- Opening Delimiter -

lemma sphere_homeomorphism_moving_points:
  fixes a b :: "nat \<Rightarrow> 'a::euclidean_space"
  assumes dim: "3 \<le> DIM('a)"
    and ab: "\<And>k. k < p \<Longrightarrow> a k \<in> sphere 0 1 \<and> b k \<in> sphere 0 1"
    and inj: "inj_on a {..<p}" "inj_on b {..<p}"
  obtains H H' where "homeomorphism (sphere 0 1) (sphere 0 1) H H'" "\<And>k. k < p \<Longrightarrow> H (a k) = b k"
proof -
  let ?S = "sphere (0::'a) 1"
  \<comment> \<open>puncture the sphere at a point \<open>c\<close> off both configurations and move the points in the hyperplane
    homeomorphic to \<open>?S - {c}\<close>, where there is room since its dimension is at least 2\<close>
  have "infinite (?S - (a ` {..<p} \<union> b ` {..<p}))"
    using infinite_unit_sphere[where 'a = 'a] dim by (simp add: Diff_infinite_finite)
  then obtain c where "c \<in> ?S - (a ` {..<p} \<union> b ` {..<p})"
    using infinite_imp_nonempty by blast
  then have c: "c \<in> ?S" "c \<notin> a ` {..<p}" "c \<notin> b ` {..<p}" by auto
  obtain e :: 'a where e: "e \<in> Basis" using nonempty_Basis by blast
  define T where "T = {x::'a. e \<bullet> x = 0}"
  have "e \<noteq> 0" using e nonzero_Basis by blast
  then have "(?S - {c}) homeomorphic T"
    unfolding T_def using c(1) by (intro homeomorphic_punctured_sphere_hyperplane) simp_all
  then obtain f f' where f: "homeomorphism (?S - {c}) T f f'"
    unfolding homeomorphic_def by blast
  have fT: "\<And>x. x \<in> ?S - {c} \<Longrightarrow> f x \<in> T" and f'f: "\<And>x. x \<in> ?S - {c} \<Longrightarrow> f' (f x) = x"
    using homeomorphism_image1[OF f] homeomorphism_apply1[OF f] by blast+
  have ab_c: "\<And>k. k < p \<Longrightarrow> a k \<in> ?S - {c} \<and> b k \<in> ?S - {c}" using ab c by auto
  have "inj_on f (?S - {c})" using f'f by (rule inj_on_inverseI)
  then have "inj_on (f \<circ> a) {..<p}" "inj_on (f \<circ> b) {..<p}"
    using inj ab_c by (auto intro!: comp_inj_on inj_on_subset[of f "?S - {c}"])
  moreover have "\<And>k. k < p \<Longrightarrow> (f \<circ> a) k \<in> T \<and> (f \<circ> b) k \<in> T" using fT ab_c by simp
  ultimately obtain F F' where F: "homeomorphism T T F F'" and F_ab: "\<And>k. k < p \<Longrightarrow> F (f (a k)) = f (b k)"
    and D: "{x. \<not> (F x = x \<and> F' x = x)} \<subseteq> T" "bounded {x. \<not> (F x = x \<and> F' x = x)}"
    using hyperplane_homeomorphism_moving_points[OF \<open>e \<noteq> 0\<close> dim, of p "f \<circ> a" "f \<circ> b"]
    unfolding T_def by auto
  define H where "H x = (if x = c then c else f' (F (f x)))" for x
  define H' where "H' x = (if x = c then c else f' (F' (f x)))" for x
  have "homeomorphism ?S ?S H H'"
    unfolding H_def H'_def
    by (rule homeomorphism_conj_punctured[OF f F closed_hyperplane[of e 0, folded T_def] D _ c(1)])
      blast
  moreover have "H (a k) = b k" if "k < p" for k
  proof -
    have "a k \<noteq> c" using ab_c[OF that] by blast
    then show ?thesis using F_ab[OF that] f'f ab_c[OF that] by (simp add: H_def)
  qed
  ultimately show ?thesis by (rule that)
qed



section \<open>The plane\<close>

definition clamp01 :: "real \<Rightarrow> real" where
  "clamp01 s = max 0 (min 1 s)"

text \<open>Piecewise linear interpolation of the values \<open>\<alpha> k\<close> at the nodes \<open>2\<pi>k/p\<close>, \<open>k \<le> p\<close>.\<close>
definition pl_interp :: "nat \<Rightarrow> (nat \<Rightarrow> real) \<Rightarrow> real \<Rightarrow> real" where
  "pl_interp p \<alpha> \<theta> =
     \<alpha> 0 + (\<Sum>k<p. (\<alpha> (Suc k) - \<alpha> k) * clamp01 (\<theta> * real p / (2 * pi) - real k))"

lemma continuous_on_pl_interp: "continuous_on UNIV (pl_interp p \<alpha>)"
  unfolding pl_interp_def clamp01_def by (intro continuous_intros) auto

lemma pl_interp_node:
  assumes "p > 0" "j \<le> p"
  shows "pl_interp p \<alpha> (2 * pi * real j / real p) = \<alpha> j"
proof -
  have "(\<Sum>k<p. (\<alpha> (Suc k) - \<alpha> k) * clamp01 (real j - real k)) =
        (\<Sum>k\<in>{..<p} \<inter> {..<j}. \<alpha> (Suc k) - \<alpha> k)"
    by (subst sum.inter_restrict) (auto simp: clamp01_def intro!: sum.cong)
  also have "{..<p} \<inter> {..<j} = {..<j}" using assms by auto
  finally show ?thesis
    using assms by (simp add: pl_interp_def sum_lessThan_telescope)
qed

lemma pl_interp_strict_mono:
  assumes p: "p > 0" and inc: "\<And>k. k < p \<Longrightarrow> \<alpha> k < \<alpha> (Suc k)"
    and ab: "0 \<le> a" "a < b" "b \<le> 2 * pi"
  shows "pl_interp p \<alpha> a < pl_interp p \<alpha> b"
proof -
  define sa where "sa = a * real p / (2 * pi)"
  define sb where "sb = b * real p / (2 * pi)"
  have "sa < sb" unfolding sa_def sb_def using ab p by (simp add: divide_strict_right_mono)
  have "0 \<le> sa" unfolding sa_def using ab by simp
  have "sa < real p"
  proof -
    have "a * real p < 2 * pi * real p" using ab p by simp
    then show ?thesis unfolding sa_def by (simp add: divide_less_eq mult.commute)
  qed
  define k0 where "k0 = nat \<lfloor>sa\<rfloor>"
  have k0: "real k0 \<le> sa" "sa < real k0 + 1"
    unfolding k0_def using \<open>0 \<le> sa\<close> by (auto simp: of_nat_nat)
  then have "k0 < p" using \<open>sa < real p\<close> by linarith
  define t where "t k = (\<alpha> (Suc k) - \<alpha> k) * (clamp01 (sb - real k) - clamp01 (sa - real k))" for k
  have "0 \<le> t k" if "k < p" for k
    using inc[OF that] \<open>sa < sb\<close> by (simp add: t_def clamp01_def)
  moreover have "0 < t k0"
    using inc[OF \<open>k0 < p\<close>] k0 \<open>sa < sb\<close> by (simp add: t_def clamp01_def)
  ultimately have "0 < (\<Sum>k<p. t k)"
    using member_le_sum[of k0 "{..<p}" t] \<open>k0 < p\<close> by simp
  moreover have "pl_interp p \<alpha> b - pl_interp p \<alpha> a = (\<Sum>k<p. t k)"
    unfolding pl_interp_def t_def sa_def sb_def by (simp add: sum_subtractf[symmetric] algebra_simps)
  ultimately show ?thesis by simp
qed

lemma Arg2pi_cis: "0 \<le> t \<Longrightarrow> t < 2 * pi \<Longrightarrow> Arg2pi (cis t) = t"
  by (rule Arg2pi_unique[of 1]) (simp_all add: cis_conv_exp)

lemma cis_Arg2pi: "norm z = 1 \<Longrightarrow> cis (Arg2pi z) = z"
  using Arg2pi[of z] by (simp add: is_Arg_def cis_conv_exp)

lemma cis_inj_on_2pi: "inj_on cis {0..<2 * pi}"
  by (rule inj_on_inverseI[where g = Arg2pi]) (simp add: Arg2pi_cis)

lemma cis_image_2pi: "cis ` {0..2 * pi} = sphere 0 1"
proof
  show "sphere 0 1 \<subseteq> cis ` {0..2 * pi}"
  proof
    fix w :: complex assume "w \<in> sphere 0 1"
    then have "w = cis (Arg2pi w)" "Arg2pi w \<in> {0..2 * pi}"
      using cis_Arg2pi Arg2pi[of w] by auto
    then show "w \<in> cis ` {0..2 * pi}" by blast
  qed
qed auto

lemma cis_lift_Arg2pi_cis:
  assumes "F (2 * pi) = F 0 + 2 * pi" and "0 \<le> \<theta>" "\<theta> \<le> 2 * pi"
  shows "cis (F (Arg2pi (cis \<theta>))) = cis (F \<theta>)"
proof (cases "\<theta> = 2 * pi")
  case True
  then show ?thesis using assms(1) Arg2pi_cis[of 0] by (simp add: cis.ctr)
qed (use assms in \<open>simp add: Arg2pi_cis\<close>)

lemma continuous_on_circle_lift:
  assumes F: "continuous_on {0..2 * pi} F" and period: "F (2 * pi) = F 0 + 2 * pi"
  shows "continuous_on (sphere 0 1) (\<lambda>z. cis (F (Arg2pi z)))"
proof -
  let ?H = "\<lambda>z. cis (F (Arg2pi z))"
  let ?X = "top_of_set {0..2 * pi}" and ?Y = "top_of_set (sphere (0::complex) 1)"
  have "quotient_map ?X ?Y cis"
    using cis_image_2pi
    by (intro continuous_imp_quotient_map)
      (auto intro!: continuous_intros simp: compact_space_subtopology Hausdorff_space_subtopology)
  moreover have "continuous_on {0..2 * pi} (?H \<circ> cis)"
    using continuous_on_cis[OF F] by (rule continuous_on_eq) (simp add: cis_lift_Arg2pi_cis[OF period])
  ultimately show ?thesis
    using continuous_compose_quotient_map by (metis continuous_map_iff_continuous)
qed

lemma circle_homeomorphism_from_lift:
  assumes F: "continuous_on {0..2 * pi} F"
    and mono: "\<And>a b. 0 \<le> a \<Longrightarrow> a < b \<Longrightarrow> b \<le> 2 * pi \<Longrightarrow> F a < F b"
    and period: "F (2 * pi) = F 0 + 2 * pi" and start: "0 \<le> F 0" "F 0 < 2 * pi"
  obtains H H' where "homeomorphism (sphere 0 1) (sphere 0 1) H H'"
    "\<And>\<theta>. 0 \<le> \<theta> \<Longrightarrow> \<theta> \<le> 2 * pi \<Longrightarrow> H (cis \<theta>) = cis (F \<theta>)"
proof -
  let ?S = "sphere (0::complex) 1"
  define H where "H z = cis (F (Arg2pi z))" for z
  have H_cis: "H (cis \<theta>) = cis (F \<theta>)" if "0 \<le> \<theta>" "\<theta> \<le> 2 * pi" for \<theta>
    unfolding H_def using cis_lift_Arg2pi_cis[OF period that] .
  have "continuous_on ?S H"
    unfolding H_def by (rule continuous_on_circle_lift[OF F period])
  moreover have "inj_on H ?S"
  proof
    fix z w assume zw: "z \<in> ?S" "w \<in> ?S" "H z = H w"
    let ?a = "Arg2pi z" and ?b = "Arg2pi w"
    have range: "F 0 \<le> F t \<and> F t < F 0 + 2 * pi" if "0 \<le> t" "t < 2 * pi" for t
      using mono[of 0 t] mono[of t "2 * pi"] period that by (cases "t = 0") auto
    have "cis (F ?a - F 0) = cis (F ?b - F 0)"
      using zw(3) by (simp add: H_def cis_divide[symmetric])
    then have "F ?a = F ?b"
      using inj_onD[OF cis_inj_on_2pi] range[of ?a] range[of ?b] Arg2pi[of z] Arg2pi[of w] by force
    then have "?a = ?b"
      using mono[of ?a ?b] mono[of ?b ?a] Arg2pi[of z] Arg2pi[of w] by (metis less_le not_less_iff_gr_or_eq)
    then show "z = w" using cis_Arg2pi zw(1,2) by (metis mem_sphere_0)
  qed
  moreover have "H ` ?S = ?S"
  proof
    show "?S \<subseteq> H ` ?S"
    proof
      fix w :: complex assume "w \<in> ?S"
      define \<tau> where "\<tau> = (if F 0 \<le> Arg2pi w then Arg2pi w else Arg2pi w + 2 * pi)"
      have "F 0 \<le> \<tau>" "\<tau> \<le> F (2 * pi)"
        using Arg2pi[of w] start period by (auto simp: \<tau>_def)
      then obtain \<theta> where \<theta>: "0 \<le> \<theta>" "\<theta> \<le> 2 * pi" "F \<theta> = \<tau>"
        using IVT'[of F 0 \<tau> "2 * pi"] F by force
      have "cis \<tau> = w" using \<open>w \<in> ?S\<close> cis_Arg2pi by (simp add: \<tau>_def cis.ctr)
      then have "w = H (cis \<theta>)" using H_cis[OF \<theta>(1,2)] \<theta>(3) by simp
      then show "w \<in> H ` ?S" by simp
    qed
  qed (auto simp: H_def)
  ultimately obtain H' where "homeomorphism ?S ?S H H'"
    using homeomorphism_compact[OF compact_sphere] by blast
  then show ?thesis using that H_cis by blast
qed

lemma circle_points_angles:
  fixes B :: "complex set"
  assumes p: "p > 0" and B: "finite B" "B \<subseteq> sphere 0 1" "card B = p"
  obtains \<alpha> where "\<And>k. k < p \<Longrightarrow> \<alpha> k < \<alpha> (Suc k)" "\<alpha> p = \<alpha> 0 + 2 * pi" "0 \<le> \<alpha> 0" "\<alpha> 0 < 2 * pi"
    "(\<lambda>k. cis (\<alpha> k)) ` {..<p} = B"
proof -
  have cis_Arg2pi_B: "cis (Arg2pi z) = z" if "z \<in> B" for z
    using B(2) that by (intro cis_Arg2pi) auto
  then have inj: "inj_on Arg2pi B" by (rule inj_on_inverseI)
  obtain xs where xs: "sorted_wrt (<) xs" "set xs = Arg2pi ` B" "length xs = card (Arg2pi ` B)"
    using finite_set_strict_sorted[where A = "Arg2pi ` B"] B(1) by auto
  have len: "length xs = p" using xs(3) B(3) card_image[OF inj] by simp
  have xs_range: "0 \<le> xs ! k \<and> xs ! k < 2 * pi" if "k < p" for k
  proof -
    have "xs ! k \<in> Arg2pi ` B" using xs(2) len that nth_mem by metis
    then show ?thesis using Arg2pi by auto
  qed
  define \<alpha> where "\<alpha> k = (if k < p then xs ! k else xs ! 0 + 2 * pi)" for k
  have inc: "\<alpha> k < \<alpha> (Suc k)" if "k < p" for k
  proof (cases "Suc k < p")
    case True
    then show ?thesis using sorted_wrt_nth_less[OF xs(1), of k "Suc k"] len by (simp add: \<alpha>_def)
  next
    case False
    then show ?thesis using that xs_range[of k] xs_range[of 0] p by (simp add: \<alpha>_def)
  qed
  have "(\<lambda>k. cis (\<alpha> k)) ` {..<p} = (\<lambda>k. cis (xs ! k)) ` {..<p}"
    by (simp add: \<alpha>_def)
  also have "\<dots> = cis ` set xs"
    using len by (auto simp: set_conv_nth)
  also have "\<dots> = B"
    using cis_Arg2pi_B by (simp add: xs(2) image_image)
  finally show ?thesis
    using that[of \<alpha>, OF inc] xs_range[of 0] p by (simp add: \<alpha>_def)
qed

lemma circle_homeomorphism_onto_points:
  fixes B :: "complex set"
  assumes p: "p > 0" and B: "finite B" "B \<subseteq> sphere 0 1" "card B = p"
  obtains H H' where "homeomorphism (sphere 0 1) (sphere 0 1) H H'"
    "(\<lambda>k. H (cis (2 * pi * real k / real p))) ` {..<p} = B"
proof -
  obtain \<alpha> where inc: "\<And>k. k < p \<Longrightarrow> \<alpha> k < \<alpha> (Suc k)" and \<alpha>: "\<alpha> p = \<alpha> 0 + 2 * pi"
    "0 \<le> \<alpha> 0" "\<alpha> 0 < 2 * pi" and img: "(\<lambda>k. cis (\<alpha> k)) ` {..<p} = B"
    by (rule circle_points_angles[OF p B]) (rule that)
  define F where "F = pl_interp p \<alpha>"
  have nodes: "F (2 * pi * real k / real p) = \<alpha> k" if "k \<le> p" for k
    unfolding F_def using pl_interp_node[OF p that] .
  obtain H H' where H: "homeomorphism (sphere 0 1) (sphere 0 1) H H'"
    and H_cis: "\<And>\<theta>. 0 \<le> \<theta> \<Longrightarrow> \<theta> \<le> 2 * pi \<Longrightarrow> H (cis \<theta>) = cis (F \<theta>)"
  proof (rule circle_homeomorphism_from_lift)
    show "continuous_on {0..2 * pi} F"
      unfolding F_def by (rule continuous_on_subset[OF continuous_on_pl_interp]) simp
    show "F a < F b" if "0 \<le> a" "a < b" "b \<le> 2 * pi" for a b
      unfolding F_def using pl_interp_strict_mono[of p \<alpha>, OF p inc that] .
    show "F (2 * pi) = F 0 + 2 * pi" "0 \<le> F 0" "F 0 < 2 * pi"
      using nodes[of 0] nodes[of p] p \<alpha> by simp_all
  qed blast
  have "H (cis (2 * pi * real k / real p)) = cis (\<alpha> k)" if "k < p" for k
  proof -
    have "2 * pi * real k / real p \<le> 2 * pi" using that p by (simp add: field_simps)
    then show ?thesis using that H_cis[of "2 * pi * real k / real p"] nodes[of k] by simp
  qed
  then have "(\<lambda>k. H (cis (2 * pi * real k / real p))) ` {..<p} = B"
    using img by (simp add: image_def)
  then show ?thesis by (rule that[OF H])
qed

- Closing Delimiter -

Your answer should consist of the lines above that hold the word "length", copied exactly.

  obtain xs where xs: "sorted_wrt (<) xs" "set xs = Arg2pi ` B" "length xs = card (Arg2pi ` B)"
  have len: "length xs = p" using xs(3) B(3) card_image[OF inj] by simp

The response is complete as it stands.